The literature on learning with thresholded signals or binarized observations is scattered across various lines of academic research. For example, in online dynamic pricing, a seller wishes to determine the demand curve. She sets a price for a good and observes whether

or not the arriving buyer chooses to purchase at that price (Harrison et al., 2010). In

drug dosage discovery, the goal is typically to estimate the maximum dosage level that causes toxicity with less than some target probability (this is typically the focus of Phase I clinical trials) (Cheung and Elkind, 2010a). Threshold queries are also used in image or face localization, where classifiers are used as subroutines to determine whether or not a face or letter or character appears in the query region of some image (Sznitman and Jedynak, 2010). Most contributions in this vein have focused on noise of a particular form: Nature generates the correct answer, but it is then sent through a noisy transmission channel (Jedynak et al., 2011). Thus, the probability of seeing the wrong signal is constant, independent of the point of measurement (the particular threshold set by the learner). Several papers have focused on proving the asymptotic optimality of policies that measure either at or around the median (Horstein, 1963; Burnashev and Zigangirov, 1974; Castro and Nowak, 2008). More recent work shows that measuring at the median is sequentially optimal for entropy reduction in the case of symmetric noise (Waeber et al., 2011). In a different vein, Karp and Kleinberg (2007) consider noisy binary search: in this problem, a finite sequence of biased coins, ordered in increasing probability of a “heads” outcome, has to be searched for the last element with a probability of heads lower than a specified target value.
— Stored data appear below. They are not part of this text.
(* Consider the type with a single binary operation $\cdot$, let $\mathcal{LZ}$ be the variety of left-zero semigroups (defined by $x\cdot y=x$), and let $X=\{x,y\}$ be a two-element set. Then the free $\mathcal{LZ}^p$-algebra over $X$ is not a semigroup; specifically, $x\cdot(y\cdot x)\neq(x\cdot y)\cdot x$ in it.
   Context: In the type with one binary operation, $T_m$ is the set of terms in $x_1,\dots,x_m$ in which all $m$ variables occur. Prolongation: for an identity $\sigma$ of the form $u(y_1,\dots,y_n)=v(y_1,\dots,y_n)$ and $m\ge1$, $\sigma^p_m$ is the set of identities $u(r_1,\dots,r_n)=v(r_1,\dots,r_n)$ obtained by substituting $r_i(x_1,\dots,x_m)$ for $y_i$, with $r_i$ ranging over $T_m$; $\sigma^p=\bigcup_m\sigma^p_m$; $\Sigma^p=\bigcup_{\sigma\in\Sigma}\sigma^p$. For a variety $\mathcal{V}$, $\mathcal{V}^p$ is the variety defined by $\mathrm{Id}(\mathcal{V})^p$, where $\mathrm{Id}(\mathcal{V})$ is the set of all identities holding in $\mathcal{V}$. *)

theory Defs
  imports Main
begin

datatype 'v trm = Var 'v | App "'v trm" "'v trm"

fun vars :: "'v trm \<Rightarrow> 'v set" where
  "vars (Var x) = {x}"
| "vars (App s t) = vars s \<union> vars t"

fun subst :: "('v \<Rightarrow> 'w trm) \<Rightarrow> 'v trm \<Rightarrow> 'w trm" where
  "subst \<sigma> (Var x) = \<sigma> x"
| "subst \<sigma> (App s t) = App (subst \<sigma> s) (subst \<sigma> t)"

fun eval :: "('a \<Rightarrow> 'a \<Rightarrow> 'a) \<Rightarrow> ('v \<Rightarrow> 'a) \<Rightarrow> 'v trm \<Rightarrow> 'a" where
  "eval f a (Var x) = a x"
| "eval f a (App s t) = f (eval f a s) (eval f a t)"

text \<open>Identities are pairs of terms over the countable variable set nat (x_1, x_2, ... = 0, 1, ...).\<close>
type_synonym identity = "nat trm \<times> nat trm"

text \<open>T_m: terms in x_1..x_m (here variables 0..m-1) in which all m variables occur.\<close>
definition T :: "nat \<Rightarrow> nat trm set" where
  "T m = {t. vars t = {..<m}}"

definition prolong :: "identity set \<Rightarrow> identity set" where
  "prolong \<Sigma> = {(subst s u, subst s v) | u v s m.
      (u, v) \<in> \<Sigma> \<and> m \<ge> 1 \<and> (\<forall>i. s i \<in> T m)}"

definition Id_of :: "(nat \<Rightarrow> nat \<Rightarrow> nat) set \<Rightarrow> identity set" where
  "Id_of K = {(u, v). \<forall>f\<in>K. \<forall>a. eval f a u = eval f a v}"

definition LZ :: "(nat \<Rightarrow> nat \<Rightarrow> nat) set" where
  "LZ = {f. \<forall>x y. f x y = x}"

text \<open>The free algebra over X (variables of type 'x) of the variety defined by \<Sigma>:
  terms over X modulo the least congruence containing all substitution instances of \<Sigma>.\<close>
inductive free_eq :: "identity set \<Rightarrow> 'x trm \<Rightarrow> 'x trm \<Rightarrow> bool" for \<Sigma> where
  inst: "(u, v) \<in> \<Sigma> \<Longrightarrow> free_eq \<Sigma> (subst s u) (subst s v)"
| refl: "free_eq \<Sigma> t t"
| sym: "free_eq \<Sigma> s t \<Longrightarrow> free_eq \<Sigma> t s"
| trans: "free_eq \<Sigma> s t \<Longrightarrow> free_eq \<Sigma> t r \<Longrightarrow> free_eq \<Sigma> s r"
| cong: "free_eq \<Sigma> s s' \<Longrightarrow> free_eq \<Sigma> t t' \<Longrightarrow> free_eq \<Sigma> (App s t) (App s' t')"

end

theory Submission
  imports Defs
begin

text \<open>On terms over \<open>X\<close> put \<open>e \<cdot> f = e\<close> if every variable of \<open>f\<close> already occurs in \<open>e\<close>,
  and \<open>e \<cdot> f = ef\<close> otherwise. Whenever all inputs have the same set of variables, a product
  collapses to its leftmost factor, so this algebra satisfies every left-zero identity
  \<open>u = v\<close> (i.e. \<open>u\<close>, \<open>v\<close> with the same leftmost variable) after substituting terms from a
  single \<open>T\<^sub>m\<close>, whose evaluations all share the variables of \<open>x\<^sub>1, \<dots>, x\<^sub>m\<close>. Hence it is an
  \<open>\<L>\<Z>\<^sup>p\<close>-algebra, and in it \<open>x \<cdot> (y \<cdot> x) = x(yx)\<close> differs from \<open>(x \<cdot> y) \<cdot> x = xy\<close>.\<close>

definition satisfies :: "('a \<Rightarrow> 'a \<Rightarrow> 'a) \<Rightarrow> identity set \<Rightarrow> bool" where
  "satisfies f \<Sigma> \<longleftrightarrow> (\<forall>(u, v) \<in> \<Sigma>. \<forall>a. eval f a u = eval f a v)"

lemma eval_subst: "eval f a (subst s u) = eval f (\<lambda>i. eval f a (s i)) u"
  by (induction u) auto

lemma free_eq_sound:
  assumes "satisfies f \<Sigma>" and "free_eq \<Sigma> t t'"
  shows "eval f a t = eval f a t'"
  using assms(2) by induction (use assms(1) in \<open>auto simp: satisfies_def eval_subst\<close>)

fun leftmost_var :: "'v trm \<Rightarrow> 'v" where
  "leftmost_var (Var x) = x"
| "leftmost_var (App s t) = leftmost_var s"

lemma eval_left_zero: "eval (\<lambda>x y. x) a u = a (leftmost_var u)"
  by (induction u) auto

lemma Id_of_LZ_leftmost_var:
  assumes "(u, v) \<in> Id_of LZ"
  shows "leftmost_var u = leftmost_var v"
proof -
  have "eval (\<lambda>x y. x) id u = eval (\<lambda>x y. x) id v"
    using assms unfolding Id_of_def LZ_def by auto
  then show ?thesis by (simp add: eval_left_zero)
qed

lemma vars_nonempty: "vars t \<noteq> {}"
  by (induction t) auto

definition absorb :: "'x trm \<Rightarrow> 'x trm \<Rightarrow> 'x trm" where
  "absorb e f = (if vars f \<subseteq> vars e then e else App e f)"

lemma vars_absorb: "vars (absorb e f) = vars e \<union> vars f"
  unfolding absorb_def by auto

lemma vars_eval_absorb: "vars (eval absorb a t) = (\<Union>v \<in> vars t. vars (a v))"
  by (induction t) (auto simp: vars_absorb)

lemma eval_absorb_uniform:
  assumes "\<And>i. vars (b i) = C"
  shows "eval absorb b u = b (leftmost_var u)"
proof (induction u)
  case (App s t)
  have "vars (eval absorb b t) = C"
    using assms vars_nonempty[of t] by (simp add: vars_eval_absorb)
  with App.IH assms show ?case by (simp add: absorb_def[of "b (leftmost_var s)"])
qed simp

lemma absorb_satisfies_prolong_LZ: "satisfies absorb (prolong (Id_of LZ))"
  unfolding satisfies_def
proof (clarify)
  fix u v a
  assume "(u, v) \<in> prolong (Id_of LZ)"
  then obtain u0 v0 r m where uv: "u = subst r u0" "v = subst r v0"
    and LZ_id: "(u0, v0) \<in> Id_of LZ" and r: "\<forall>i. r i \<in> T m"
    unfolding prolong_def by blast
  define b where "b i = eval absorb a (r i)" for i
  have vars_b: "vars (b i) = (\<Union>j<m. vars (a j))" for i
    using r unfolding b_def T_def by (auto simp: vars_eval_absorb)
  have "eval absorb a u = b (leftmost_var u0)"
    unfolding uv eval_subst b_def[symmetric] by (rule eval_absorb_uniform[OF vars_b])
  also have "\<dots> = b (leftmost_var v0)"
    using Id_of_LZ_leftmost_var[OF LZ_id] by simp
  also have "\<dots> = eval absorb a v"
    unfolding uv eval_subst b_def[symmetric] by (rule eval_absorb_uniform[OF vars_b, symmetric])
  finally show "eval absorb a u = eval absorb a v" .
qed

theorem corollary4p12:
  fixes x y :: bool
  defines "x \<equiv> True" and "y \<equiv> False"
  shows "\<not> free_eq (prolong (Id_of LZ))
            (App (Var x) (App (Var y) (Var x)))
            (App (App (Var x) (Var y)) (Var x))"
proof
  assume "free_eq (prolong (Id_of LZ))
            (App (Var x) (App (Var y) (Var x)))
            (App (App (Var x) (Var y)) (Var x))"
  then have "eval absorb Var (App (Var x) (App (Var y) (Var x))) =
             eval absorb Var (App (App (Var x) (Var y)) (Var x))"
    by (rule free_eq_sound[OF absorb_satisfies_prolong_LZ])
  then show False unfolding x_def y_def by (simp add: absorb_def)
qed

end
The bisection problem itself can also be thought of as a version of the classic problem of stochastic root finding (Robbins and Monro, 1951), where the learner is trying to learn the root of a real-valued, decreasing function f . The model is that the learner sequentially queries at points θ1, θ2, . . . , θn, and receives observations of f (θ1), f (θ2), . . . , f (θn) after addition of

noise (e.g. zero-mean Gaussian noise). A natural extension to binary signals is to assume that the learner observes whether or not the corrupted signal is above or below zero. This directly corresponds to a noisy binary signal indicating whether the threshold is smaller than or larger than the root. In this case, the noise model is heavily dependent on how close the threshold is set to the target root. When the threshold is near the target, the probability of seeing the wrong signal is significantly higher and no longer bounded away from 12.